▶ Brief
Look through the listing below for the word "scriptN" and copy every line where it occurs.

▶ Task inputs
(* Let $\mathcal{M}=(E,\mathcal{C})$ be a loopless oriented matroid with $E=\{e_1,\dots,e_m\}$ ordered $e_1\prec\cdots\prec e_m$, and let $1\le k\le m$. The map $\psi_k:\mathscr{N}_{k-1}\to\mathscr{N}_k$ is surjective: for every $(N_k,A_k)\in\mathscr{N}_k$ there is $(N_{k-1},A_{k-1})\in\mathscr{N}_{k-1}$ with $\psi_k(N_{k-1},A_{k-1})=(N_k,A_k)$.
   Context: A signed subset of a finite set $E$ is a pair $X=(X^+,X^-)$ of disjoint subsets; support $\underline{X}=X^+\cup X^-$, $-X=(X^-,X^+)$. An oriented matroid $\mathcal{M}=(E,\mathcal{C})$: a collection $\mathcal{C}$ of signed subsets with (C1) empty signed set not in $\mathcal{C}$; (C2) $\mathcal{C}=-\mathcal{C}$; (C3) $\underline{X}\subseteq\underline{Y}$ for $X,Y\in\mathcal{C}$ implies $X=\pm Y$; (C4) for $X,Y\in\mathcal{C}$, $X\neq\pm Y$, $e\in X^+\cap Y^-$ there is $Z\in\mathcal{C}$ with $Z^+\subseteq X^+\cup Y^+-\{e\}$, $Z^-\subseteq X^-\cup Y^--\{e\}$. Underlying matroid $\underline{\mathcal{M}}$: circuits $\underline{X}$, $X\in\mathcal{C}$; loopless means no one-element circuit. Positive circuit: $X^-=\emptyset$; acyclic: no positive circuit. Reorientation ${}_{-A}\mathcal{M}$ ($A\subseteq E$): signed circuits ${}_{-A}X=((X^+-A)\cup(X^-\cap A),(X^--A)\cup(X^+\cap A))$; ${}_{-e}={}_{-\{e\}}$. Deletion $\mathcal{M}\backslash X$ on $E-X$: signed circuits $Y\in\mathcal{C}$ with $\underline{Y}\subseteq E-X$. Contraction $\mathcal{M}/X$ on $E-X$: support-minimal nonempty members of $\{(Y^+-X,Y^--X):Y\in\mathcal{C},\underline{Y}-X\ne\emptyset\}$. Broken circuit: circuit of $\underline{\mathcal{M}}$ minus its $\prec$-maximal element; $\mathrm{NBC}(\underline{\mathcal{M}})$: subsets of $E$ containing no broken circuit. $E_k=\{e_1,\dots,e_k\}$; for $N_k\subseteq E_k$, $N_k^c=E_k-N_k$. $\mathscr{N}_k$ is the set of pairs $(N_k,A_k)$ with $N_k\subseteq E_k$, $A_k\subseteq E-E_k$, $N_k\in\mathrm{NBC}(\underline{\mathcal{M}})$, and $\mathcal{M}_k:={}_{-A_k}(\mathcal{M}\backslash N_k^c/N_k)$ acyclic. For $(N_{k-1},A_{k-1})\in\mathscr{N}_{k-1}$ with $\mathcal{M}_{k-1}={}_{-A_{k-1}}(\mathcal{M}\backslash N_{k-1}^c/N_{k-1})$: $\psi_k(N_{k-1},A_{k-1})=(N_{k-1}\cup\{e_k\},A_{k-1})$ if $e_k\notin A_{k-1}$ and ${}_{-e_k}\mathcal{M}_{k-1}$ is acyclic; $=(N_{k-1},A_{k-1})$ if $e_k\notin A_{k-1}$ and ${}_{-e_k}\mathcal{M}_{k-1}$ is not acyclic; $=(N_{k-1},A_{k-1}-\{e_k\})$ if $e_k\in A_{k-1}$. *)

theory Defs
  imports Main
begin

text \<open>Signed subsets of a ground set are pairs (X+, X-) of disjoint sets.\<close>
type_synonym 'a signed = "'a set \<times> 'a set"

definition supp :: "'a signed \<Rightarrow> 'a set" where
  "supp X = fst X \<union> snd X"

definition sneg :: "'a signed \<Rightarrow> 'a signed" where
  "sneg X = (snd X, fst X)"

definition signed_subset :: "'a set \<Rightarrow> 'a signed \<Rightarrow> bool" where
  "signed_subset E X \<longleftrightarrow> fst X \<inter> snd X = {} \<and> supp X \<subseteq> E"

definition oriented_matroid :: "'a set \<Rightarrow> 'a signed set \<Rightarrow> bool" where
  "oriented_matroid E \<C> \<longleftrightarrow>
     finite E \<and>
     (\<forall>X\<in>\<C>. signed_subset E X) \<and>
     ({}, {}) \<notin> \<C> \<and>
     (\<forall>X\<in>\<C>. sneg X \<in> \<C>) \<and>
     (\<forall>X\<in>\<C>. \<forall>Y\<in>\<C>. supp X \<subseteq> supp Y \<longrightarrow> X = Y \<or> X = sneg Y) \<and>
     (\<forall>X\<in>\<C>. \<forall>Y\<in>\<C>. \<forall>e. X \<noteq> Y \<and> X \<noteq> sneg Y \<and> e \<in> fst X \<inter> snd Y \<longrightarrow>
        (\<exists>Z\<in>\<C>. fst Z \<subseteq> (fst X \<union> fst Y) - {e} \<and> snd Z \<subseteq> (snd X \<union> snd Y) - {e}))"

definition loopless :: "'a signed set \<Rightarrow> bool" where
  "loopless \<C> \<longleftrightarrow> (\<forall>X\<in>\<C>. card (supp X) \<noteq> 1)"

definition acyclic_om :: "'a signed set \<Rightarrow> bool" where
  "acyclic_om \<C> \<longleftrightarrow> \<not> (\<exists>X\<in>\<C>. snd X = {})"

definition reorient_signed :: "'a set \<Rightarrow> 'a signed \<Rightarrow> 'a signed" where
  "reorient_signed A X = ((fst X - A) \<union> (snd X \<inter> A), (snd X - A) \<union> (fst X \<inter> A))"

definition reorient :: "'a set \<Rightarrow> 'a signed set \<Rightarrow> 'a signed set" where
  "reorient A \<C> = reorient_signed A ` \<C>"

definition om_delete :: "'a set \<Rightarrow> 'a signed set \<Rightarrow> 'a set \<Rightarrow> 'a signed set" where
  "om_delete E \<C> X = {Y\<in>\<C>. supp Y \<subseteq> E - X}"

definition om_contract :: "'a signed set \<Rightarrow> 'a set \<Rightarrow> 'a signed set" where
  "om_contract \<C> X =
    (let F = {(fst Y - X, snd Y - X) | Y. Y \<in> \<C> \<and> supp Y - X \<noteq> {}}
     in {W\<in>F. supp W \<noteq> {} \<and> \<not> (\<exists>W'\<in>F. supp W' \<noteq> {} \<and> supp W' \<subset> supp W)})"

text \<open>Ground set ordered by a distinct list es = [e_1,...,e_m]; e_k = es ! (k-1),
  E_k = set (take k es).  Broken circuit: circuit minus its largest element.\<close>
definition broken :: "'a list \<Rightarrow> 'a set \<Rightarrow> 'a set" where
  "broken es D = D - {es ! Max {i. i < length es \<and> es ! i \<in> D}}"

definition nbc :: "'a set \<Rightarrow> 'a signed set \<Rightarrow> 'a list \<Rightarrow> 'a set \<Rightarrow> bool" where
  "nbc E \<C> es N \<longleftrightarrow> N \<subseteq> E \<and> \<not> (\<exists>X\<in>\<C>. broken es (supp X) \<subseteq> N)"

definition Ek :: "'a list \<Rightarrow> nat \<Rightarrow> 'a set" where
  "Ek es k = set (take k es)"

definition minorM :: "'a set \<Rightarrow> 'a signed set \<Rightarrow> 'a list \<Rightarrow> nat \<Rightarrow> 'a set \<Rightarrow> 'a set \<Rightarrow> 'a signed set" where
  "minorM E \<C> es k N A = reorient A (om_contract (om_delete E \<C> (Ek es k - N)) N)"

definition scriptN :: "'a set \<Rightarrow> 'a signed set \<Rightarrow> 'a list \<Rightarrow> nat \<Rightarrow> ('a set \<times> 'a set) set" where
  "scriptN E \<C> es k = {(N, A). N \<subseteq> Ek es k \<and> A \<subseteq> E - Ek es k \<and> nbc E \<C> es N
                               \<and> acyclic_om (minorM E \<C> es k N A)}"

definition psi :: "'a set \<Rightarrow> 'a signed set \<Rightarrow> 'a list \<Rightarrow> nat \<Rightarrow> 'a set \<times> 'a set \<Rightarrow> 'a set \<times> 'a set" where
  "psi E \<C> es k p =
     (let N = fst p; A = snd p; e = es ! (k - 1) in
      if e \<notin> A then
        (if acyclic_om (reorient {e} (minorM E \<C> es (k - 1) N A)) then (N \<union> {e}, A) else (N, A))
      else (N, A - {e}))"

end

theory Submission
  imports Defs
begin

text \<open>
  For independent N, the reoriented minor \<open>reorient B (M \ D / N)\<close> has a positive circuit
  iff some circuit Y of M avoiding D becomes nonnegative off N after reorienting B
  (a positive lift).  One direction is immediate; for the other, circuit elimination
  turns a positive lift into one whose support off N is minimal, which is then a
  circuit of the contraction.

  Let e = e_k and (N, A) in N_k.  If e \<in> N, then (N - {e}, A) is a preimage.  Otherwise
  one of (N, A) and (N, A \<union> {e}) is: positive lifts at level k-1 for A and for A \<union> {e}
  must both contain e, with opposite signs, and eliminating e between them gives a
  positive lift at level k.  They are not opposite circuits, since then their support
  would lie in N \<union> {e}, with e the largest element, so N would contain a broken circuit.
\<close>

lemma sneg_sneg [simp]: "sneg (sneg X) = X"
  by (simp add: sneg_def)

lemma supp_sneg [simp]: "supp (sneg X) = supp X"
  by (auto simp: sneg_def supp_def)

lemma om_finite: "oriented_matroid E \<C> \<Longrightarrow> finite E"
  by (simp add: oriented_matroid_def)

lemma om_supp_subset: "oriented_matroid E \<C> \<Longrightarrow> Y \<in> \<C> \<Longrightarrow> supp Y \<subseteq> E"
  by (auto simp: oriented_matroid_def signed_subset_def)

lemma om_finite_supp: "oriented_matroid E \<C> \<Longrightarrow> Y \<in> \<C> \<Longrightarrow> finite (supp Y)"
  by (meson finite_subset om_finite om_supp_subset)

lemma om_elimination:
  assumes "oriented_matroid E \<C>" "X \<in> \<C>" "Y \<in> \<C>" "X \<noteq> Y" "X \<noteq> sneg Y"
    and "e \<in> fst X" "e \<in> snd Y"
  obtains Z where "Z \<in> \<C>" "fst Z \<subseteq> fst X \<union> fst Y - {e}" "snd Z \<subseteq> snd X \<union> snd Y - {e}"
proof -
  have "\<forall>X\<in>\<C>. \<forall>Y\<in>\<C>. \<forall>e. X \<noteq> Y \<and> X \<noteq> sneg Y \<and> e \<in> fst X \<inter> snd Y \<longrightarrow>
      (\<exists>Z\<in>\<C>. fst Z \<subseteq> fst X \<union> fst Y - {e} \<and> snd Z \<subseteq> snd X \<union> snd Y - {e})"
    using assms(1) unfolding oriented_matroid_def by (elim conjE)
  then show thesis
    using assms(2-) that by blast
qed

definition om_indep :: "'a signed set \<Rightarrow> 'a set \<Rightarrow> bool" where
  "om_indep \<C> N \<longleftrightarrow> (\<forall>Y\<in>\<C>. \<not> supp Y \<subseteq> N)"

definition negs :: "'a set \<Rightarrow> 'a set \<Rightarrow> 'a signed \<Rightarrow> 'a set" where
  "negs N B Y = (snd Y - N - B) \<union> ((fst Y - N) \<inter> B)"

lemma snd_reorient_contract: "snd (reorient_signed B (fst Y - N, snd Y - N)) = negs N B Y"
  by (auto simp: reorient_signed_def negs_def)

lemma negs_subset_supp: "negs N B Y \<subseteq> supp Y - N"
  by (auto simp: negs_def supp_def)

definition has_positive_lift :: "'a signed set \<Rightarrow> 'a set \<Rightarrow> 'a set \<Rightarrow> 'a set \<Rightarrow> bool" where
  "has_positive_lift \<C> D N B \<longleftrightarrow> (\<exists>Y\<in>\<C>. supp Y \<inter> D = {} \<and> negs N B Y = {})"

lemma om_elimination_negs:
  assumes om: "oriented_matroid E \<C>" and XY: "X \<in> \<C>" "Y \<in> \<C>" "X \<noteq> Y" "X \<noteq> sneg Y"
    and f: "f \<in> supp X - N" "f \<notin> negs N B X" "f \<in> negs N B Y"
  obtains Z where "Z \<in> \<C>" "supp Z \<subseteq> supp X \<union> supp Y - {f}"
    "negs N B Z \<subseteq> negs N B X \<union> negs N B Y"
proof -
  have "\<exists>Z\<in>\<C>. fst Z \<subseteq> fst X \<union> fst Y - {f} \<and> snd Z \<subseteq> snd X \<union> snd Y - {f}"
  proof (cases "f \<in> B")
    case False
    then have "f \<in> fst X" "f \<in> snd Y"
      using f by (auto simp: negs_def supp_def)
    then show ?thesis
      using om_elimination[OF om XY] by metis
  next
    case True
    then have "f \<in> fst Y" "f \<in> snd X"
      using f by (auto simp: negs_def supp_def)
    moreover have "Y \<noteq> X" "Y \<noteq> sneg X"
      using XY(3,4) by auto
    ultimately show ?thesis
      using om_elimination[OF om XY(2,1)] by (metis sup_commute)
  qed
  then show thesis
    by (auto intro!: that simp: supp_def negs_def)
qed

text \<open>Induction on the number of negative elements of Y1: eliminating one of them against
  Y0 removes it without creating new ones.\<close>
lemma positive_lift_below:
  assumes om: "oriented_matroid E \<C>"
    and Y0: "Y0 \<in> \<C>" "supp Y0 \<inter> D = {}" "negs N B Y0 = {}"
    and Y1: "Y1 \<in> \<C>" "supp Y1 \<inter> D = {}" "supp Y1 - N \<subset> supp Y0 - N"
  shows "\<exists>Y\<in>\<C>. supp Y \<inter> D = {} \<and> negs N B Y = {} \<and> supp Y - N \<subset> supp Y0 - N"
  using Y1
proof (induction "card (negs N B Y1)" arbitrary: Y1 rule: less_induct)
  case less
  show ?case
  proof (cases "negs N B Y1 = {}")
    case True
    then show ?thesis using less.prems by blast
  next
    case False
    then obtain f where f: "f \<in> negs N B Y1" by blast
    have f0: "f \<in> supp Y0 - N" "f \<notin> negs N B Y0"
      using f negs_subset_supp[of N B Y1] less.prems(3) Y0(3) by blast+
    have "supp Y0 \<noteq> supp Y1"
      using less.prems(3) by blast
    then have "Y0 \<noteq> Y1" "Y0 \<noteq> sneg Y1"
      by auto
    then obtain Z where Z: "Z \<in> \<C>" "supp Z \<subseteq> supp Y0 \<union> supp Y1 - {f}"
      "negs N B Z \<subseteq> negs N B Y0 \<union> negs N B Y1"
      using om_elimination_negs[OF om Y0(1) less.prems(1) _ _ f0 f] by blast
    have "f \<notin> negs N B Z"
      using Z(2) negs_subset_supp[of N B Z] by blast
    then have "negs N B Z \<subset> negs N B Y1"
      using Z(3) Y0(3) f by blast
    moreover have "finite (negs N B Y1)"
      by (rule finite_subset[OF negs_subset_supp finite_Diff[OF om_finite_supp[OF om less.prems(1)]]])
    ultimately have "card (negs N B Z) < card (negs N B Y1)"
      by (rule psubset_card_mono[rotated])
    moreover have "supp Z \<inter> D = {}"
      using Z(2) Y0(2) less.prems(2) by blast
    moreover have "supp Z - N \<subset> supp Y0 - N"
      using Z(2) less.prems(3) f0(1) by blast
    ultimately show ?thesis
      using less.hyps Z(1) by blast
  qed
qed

▶ Exercise answer
definition scriptN :: "'a set \<Rightarrow> 'a signed set \<Rightarrow> 'a list \<Rightarrow> nat \<Rightarrow> ('a set \<times> 'a set) set" where
  "scriptN E \<C> es k = {(N, A). N \<subseteq> Ek es k \<and> A \<subseteq> E - Ek es k \<and> nbc E \<C> es N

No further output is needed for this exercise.